TASK TO COMPLETE
For the records below, output every line from the one holding "theory Defs" through the final line, unaltered, and no other lines.
━━━━━ THE DATA
(* Let $\alpha>0$ and $0<\beta\le\frac14$, and consider the model $Y_i=f(x_i)+V^{1/2}(x_i)\xi_i$, $i=0,\dots,n$, $x_i=i/n$, with $\xi_0,\dots,\xi_n\overset{iid}{\sim}N(0,1)$. For every $\eta\in(0,1)$ there exists $c_\eta>0$ not depending on $n$ such that for all $0<c<c_\eta$, $$\inf_\varphi\left\{\sup_{f\in\mathcal{H}_\alpha,\,V\in\mathcal{V}_0}P_{f,V}\{\varphi=1\}+\sup_{f\in\mathcal{H}_\alpha,\,V\in\mathcal{V}_{1,\beta}(cn^{-\beta})}P_{f,V}\{\varphi=0\}\right\}\ge1-\eta,$$ where the infimum is over all tests $\varphi$, i.e. measurable functions of $(Y_0,\dots,Y_n)$ into $\{0,1\}$.
   Context: $\mathcal{H}_\alpha=\mathcal{H}_\alpha(M)$: functions $g:[0,1]\to\mathbb{R}$ with $|g^{(\lfloor\alpha\rfloor)}(x)-g^{(\lfloor\alpha\rfloor)}(y)|\le M|x-y|^{\alpha-\lfloor\alpha\rfloor}$ for all $x,y\in[0,1]$ and $\|g^{(k)}\|_\infty\le M$ for $k=0,\dots,\lfloor\alpha\rfloor$; $M$ is a fixed sufficiently large constant. $\mathcal{V}_0=\{V:[0,1]\to[0,\infty):V\equiv\sigma^2,\ 0\le\sigma^2\le M\}$; $\mathcal{V}_{1,\beta}(\varepsilon)=\{V\in\mathcal{H}_\beta:V\ge0,\ \|V-\bar V\mathbf 1\|_2\ge\varepsilon\}$ with $\bar V=\int_0^1V$, $\mathbf1\equiv1$, $\|\cdot\|_2$ the $L^2([0,1])$ norm. $P_{f,V}$ is the law of the data. *)

theory Defs
  imports "HOL-Probability.Probability"
begin

definition holder_class :: "real \<Rightarrow> real \<Rightarrow> (real \<Rightarrow> real) set" where
  "holder_class \<alpha> M = {g. \<exists>D :: nat \<Rightarrow> real \<Rightarrow> real.
     (\<forall>x\<in>{0..1}. D 0 x = g x) \<and>
     (\<forall>k. k < nat \<lfloor>\<alpha>\<rfloor> \<longrightarrow> (\<forall>x\<in>{0..1}. (D k has_real_derivative D (Suc k) x) (at x within {0..1}))) \<and>
     (\<forall>k. k \<le> nat \<lfloor>\<alpha>\<rfloor> \<longrightarrow> (\<forall>x\<in>{0..1}. \<bar>D k x\<bar> \<le> M)) \<and>
     (\<forall>x\<in>{0..1}. \<forall>y\<in>{0..1}.
        \<bar>D (nat \<lfloor>\<alpha>\<rfloor>) x - D (nat \<lfloor>\<alpha>\<rfloor>) y\<bar> \<le> M * \<bar>x - y\<bar> powr (\<alpha> - of_int \<lfloor>\<alpha>\<rfloor>))}"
━━━━━━━━━━
PROBLEM SOLUTION
theory Defs
  imports "HOL-Probability.Probability"
begin

definition holder_class :: "real \<Rightarrow> real \<Rightarrow> (real \<Rightarrow> real) set" where
  "holder_class \<alpha> M = {g. \<exists>D :: nat \<Rightarrow> real \<Rightarrow> real.
     (\<forall>x\<in>{0..1}. D 0 x = g x) \<and>
     (\<forall>k. k < nat \<lfloor>\<alpha>\<rfloor> \<longrightarrow> (\<forall>x\<in>{0..1}. (D k has_real_derivative D (Suc k) x) (at x within {0..1}))) \<and>
     (\<forall>k. k \<le> nat \<lfloor>\<alpha>\<rfloor> \<longrightarrow> (\<forall>x\<in>{0..1}. \<bar>D k x\<bar> \<le> M)) \<and>
     (\<forall>x\<in>{0..1}. \<forall>y\<in>{0..1}.
        \<bar>D (nat \<lfloor>\<alpha>\<rfloor>) x - D (nat \<lfloor>\<alpha>\<rfloor>) y\<bar> \<le> M * \<bar>x - y\<bar> powr (\<alpha> - of_int \<lfloor>\<alpha>\<rfloor>))}"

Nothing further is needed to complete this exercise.